In the Bible the expression occurs only in accounts of that event. Matthew, Mark, and John all transliterate it (Luke does not, but appears to paraphrase it with the Greek word for "glory": see his "glory in the highest, 19:38 ). According to Matthew, the crowd that accompanied Jesus that day shouted "Hosanna to the Son of David!" (21:9), as did the children later in the temple (v. 15). Mark ( 11:9 ) and John ( 12:13 ) do not have "to the Son of David, " but all three follow the opening cry with, "Blessed is he who comes in the name of the Lord!" (from Psalm 118:26 ). Matthew and Mark conclude the people's cries with "Hosanna in the highest" (apparently an echo of Psalm 148:1 ), which John omits. But Mark inserts "Blessed is the coming kingdom of our father David" (
11:10 ), and John adds, "Blessed is the King of Israel" ( 12:13 ). These appear to be interpretations of "he who comes in the name of the Lord." And they agree essentially with Luke's formulation of the people's words taken from Psalm 118:26, "Blessed is the king who comes in the name of the Lord" ( 19:38 ).

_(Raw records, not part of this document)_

lemma circuit_hyperplane_insert_unique:
  assumes CHa: "circuit_hyperplane E \<B> (insert a J)" and CHb: "circuit_hyperplane E \<B> (insert b J)"
    and "a \<notin> J" "b \<notin> J" "0 < r"
  shows "a = b"
proof (rule ccontr)
  assume "a \<noteq> b"
  have dep_a: "\<not> indep \<B> (insert a J)" and dep_b: "\<not> indep \<B> (insert b J)"
    using CHa CHb by (auto simp: circuit_hyperplane_def circuit_def)
  have "indep \<B> J"
    using CHa \<open>a \<notin> J\<close> unfolding circuit_hyperplane_def circuit_def
    by (metis Diff_insert_absorb insertI1)
  have card_J: "card J = r - 1"
    using circuit_hyperplane_card[OF CHa \<open>0 < r\<close>] \<open>a \<notin> J\<close> finite_ground CHa
    by (metis card_insert_disjoint circuit_def circuit_hyperplane_def diff_Suc_1
        finite_insert finite_subset)
  have "b \<in> E - insert a J"
    using CHb \<open>a \<noteq> b\<close> \<open>b \<notin> J\<close> by (auto simp: circuit_hyperplane_def circuit_def)
  then have "mrank \<B> (insert a J) < mrank \<B> (insert b (insert a J))"
    using CHa by (auto simp: circuit_hyperplane_def hyperplane_def flat_def)
  moreover have "card J \<le> mrank \<B> (insert a J)"
    using card_le_mrank \<open>indep \<B> J\<close> by blast
  ultimately have "r \<le> mrank \<B> (insert b (insert a J))"
    using card_J \<open>0 < r\<close> by linarith
  then obtain I where I: "I \<subseteq> insert b (insert a J)" "I \<in> \<B>"
    by (rule basis_of_mrank_ge)
  obtain B where B: "B \<in> \<B>" "J \<subseteq> B"
    using \<open>indep \<B> J\<close> by (auto simp: indep_def)
  have "J \<noteq> B"
    using B card_basis card_J \<open>0 < r\<close> by auto
  then obtain c where c: "c \<in> B" "c \<notin> J" using B by auto
  have "c \<notin> I"
    using I c dependent_insert_notin_basis[OF dep_a B] dependent_insert_notin_basis[OF dep_b B]
    by auto
  then obtain y where y: "y \<in> I - B" "insert y (B - {c}) \<in> \<B>"
    using basis_exchange[OF B(1) I(2)] c by blast
  have "y = a \<or> y = b" using y I B by auto
  moreover have "J \<subseteq> insert y (B - {c})" using B c by auto
  ultimately show False
    using dependent_insert_notin_basis[OF dep_a y(2)] dependent_insert_notin_basis[OF dep_b y(2)]
    by auto
qed

lemma circuit_hyperplane_interval_split:
  assumes CH: "circuit_hyperplane E \<B> (interval \<sigma> x r)"
  shows "0 < r" "interval \<sigma> x r = insert x (interval \<sigma> (\<sigma> x) (r - 1))"
    "x \<notin> interval \<sigma> (\<sigma> x) (r - 1)" "card (interval \<sigma> (\<sigma> x) (r - 1)) = r - 1"
proof -
  have "interval \<sigma> x r \<noteq> {}"
    using CH circuit_mrank(1) by (auto simp: circuit_hyperplane_def)
  then show "0 < r" using interval_0 by (metis gr0I)
  then show split: "interval \<sigma> x r = insert x (interval \<sigma> (\<sigma> x) (r - 1))"
    using interval_Suc[of \<sigma> x "r - 1"] by simp
  have card_split: "card (interval \<sigma> x r) = r"
    using circuit_hyperplane_card[OF CH \<open>0 < r\<close>] .
  have card_J: "card (interval \<sigma> (\<sigma> x) (r - 1)) \<le> r - 1"
    by (rule card_interval_le)
  show x: "x \<notin> interval \<sigma> (\<sigma> x) (r - 1)"
  proof
    assume "x \<in> interval \<sigma> (\<sigma> x) (r - 1)"
    then have "interval \<sigma> x r = interval \<sigma> (\<sigma> x) (r - 1)" using split by auto
    then show False using card_split card_J \<open>0 < r\<close> by simp
  qed
  show "card (interval \<sigma> (\<sigma> x) (r - 1)) = r - 1"
    using card_split split x finite_interval by (metis card_insert_disjoint diff_Suc_1)
qed

lemma conj_transpose_determines:
  assumes CH1: "circuit_hyperplane E \<B> (interval \<sigma>1 x1 r)"
    and CH2: "circuit_hyperplane E \<B> (interval \<sigma>2 x2 r)"
    and y1: "y \<notin> interval \<sigma>1 (\<sigma>1 x1) (r - 1)" and y2: "y \<notin> interval \<sigma>2 (\<sigma>2 x2) (r - 1)"
    and conj: "Transposition.transpose x1 y \<circ> \<sigma>1 \<circ> Transposition.transpose x1 y =
      Transposition.transpose x2 y \<circ> \<sigma>2 \<circ> Transposition.transpose x2 y"
  shows "x1 = x2 \<and> \<sigma>1 = \<sigma>2"
proof -
  note split1 = circuit_hyperplane_interval_split[OF CH1]
  note split2 = circuit_hyperplane_interval_split[OF CH2]
  define \<sigma>' where "\<sigma>' = Transposition.transpose x1 y \<circ> \<sigma>1 \<circ> Transposition.transpose x1 y"
  have "interval \<sigma>1 (\<sigma>1 x1) (r - 1) = interval \<sigma>' (\<sigma>' y) (r - 1)"
    unfolding \<sigma>'_def using interval_conj_transpose[OF split1(3) y1] by simp
  also have "\<dots> = interval \<sigma>2 (\<sigma>2 x2) (r - 1)"
    unfolding \<sigma>'_def conj using interval_conj_transpose[OF split2(3) y2] by simp
  finally have J: "interval \<sigma>1 (\<sigma>1 x1) (r - 1) = interval \<sigma>2 (\<sigma>2 x2) (r - 1)" .
  have "circuit_hyperplane E \<B> (insert x1 (interval \<sigma>1 (\<sigma>1 x1) (r - 1)))"
    using CH1 split1(2) by simp
  moreover have "circuit_hyperplane E \<B> (insert x2 (interval \<sigma>1 (\<sigma>1 x1) (r - 1)))"
    using CH2 split2(2) J by simp
  moreover have "x2 \<notin> interval \<sigma>1 (\<sigma>1 x1) (r - 1)"
    using split2(3) J by simp
  ultimately have "x1 = x2"
    using circuit_hyperplane_insert_unique split1(1,3) by blast
  let ?\<tau> = "Transposition.transpose x2 y"
  have "\<sigma>1 = ?\<tau> \<circ> (?\<tau> \<circ> \<sigma>1 \<circ> ?\<tau>) \<circ> ?\<tau>"
    by (simp add: fun_eq_iff)
  also have "\<dots> = ?\<tau> \<circ> (?\<tau> \<circ> \<sigma>2 \<circ> ?\<tau>) \<circ> ?\<tau>"
    using conj \<open>x1 = x2\<close> by simp
  also have "\<dots> = \<sigma>2"
    by (simp add: fun_eq_iff)
  finally have "\<sigma>1 = \<sigma>2" .
  with \<open>x1 = x2\<close> show ?thesis ..
qed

Those from whose lips "Hosanna" rose that day seem to have looked on Jesus as God's anointed one from the house of David of whom the prophets had spoken and through whom they hoped that all their messianic expectations would be fulfilled. However misguided their particular expectations may have been, their actions underscore the theme of the Gospels that Jesus is indeed the promised son of David through whom the redemption announced by God's prophets has come. In him the age-old cry, "Lord, save us, " has become the glad doxology, "Hosanna, " which equals: "Praise God and his Messiah, we are saved."
Most likely the authors of the Gospels transliterated "Hosanna" rather than translating it because it served on the people's lips as a joyful exclamation which, if translated, would have sounded like a prayer. In similar fashion, John transliterated "Hallelujah" in Revelation 19:1, 3, 4, 6 because it had become an exclamation of praise whereas originally it was a call to praise ("Praise the Lord").
9 months ago
The word hosanna (Latin osanna, Greek ὡσαννά, hōsanná) is from Hebrew הושיעה־נא, הושיעה נא hôšîʿâ-nā and related to Aramaic אושענא (ʾōshaʿnā) meaning "save, rescue, savior".[1]

In the Hebrew Bible it is used only in verses such as "help" or "save, I pray" (Psalms 118:25).

It is applied in numerous verses of the New Testament including "Hosanna; blessed is the one who comes in the name of the Lord" (Mark 11.9), "hosanna in the highest" (Mark 11.10); "hosanna to the Son of David" (Matt 21:9). In that context, the word Hosanna seems to be a "special kind of respect" given to the one who saves, saved, will save or is saving now. If so Hosanna means "a special honor to the one who saves". The old interpretation "Save, now!",[2] based on Psalm 118:25, does not fully explain the occurrence of the word in the Gospels[3] as a shout of jubilation, and this has given rise to complex discussions.[4]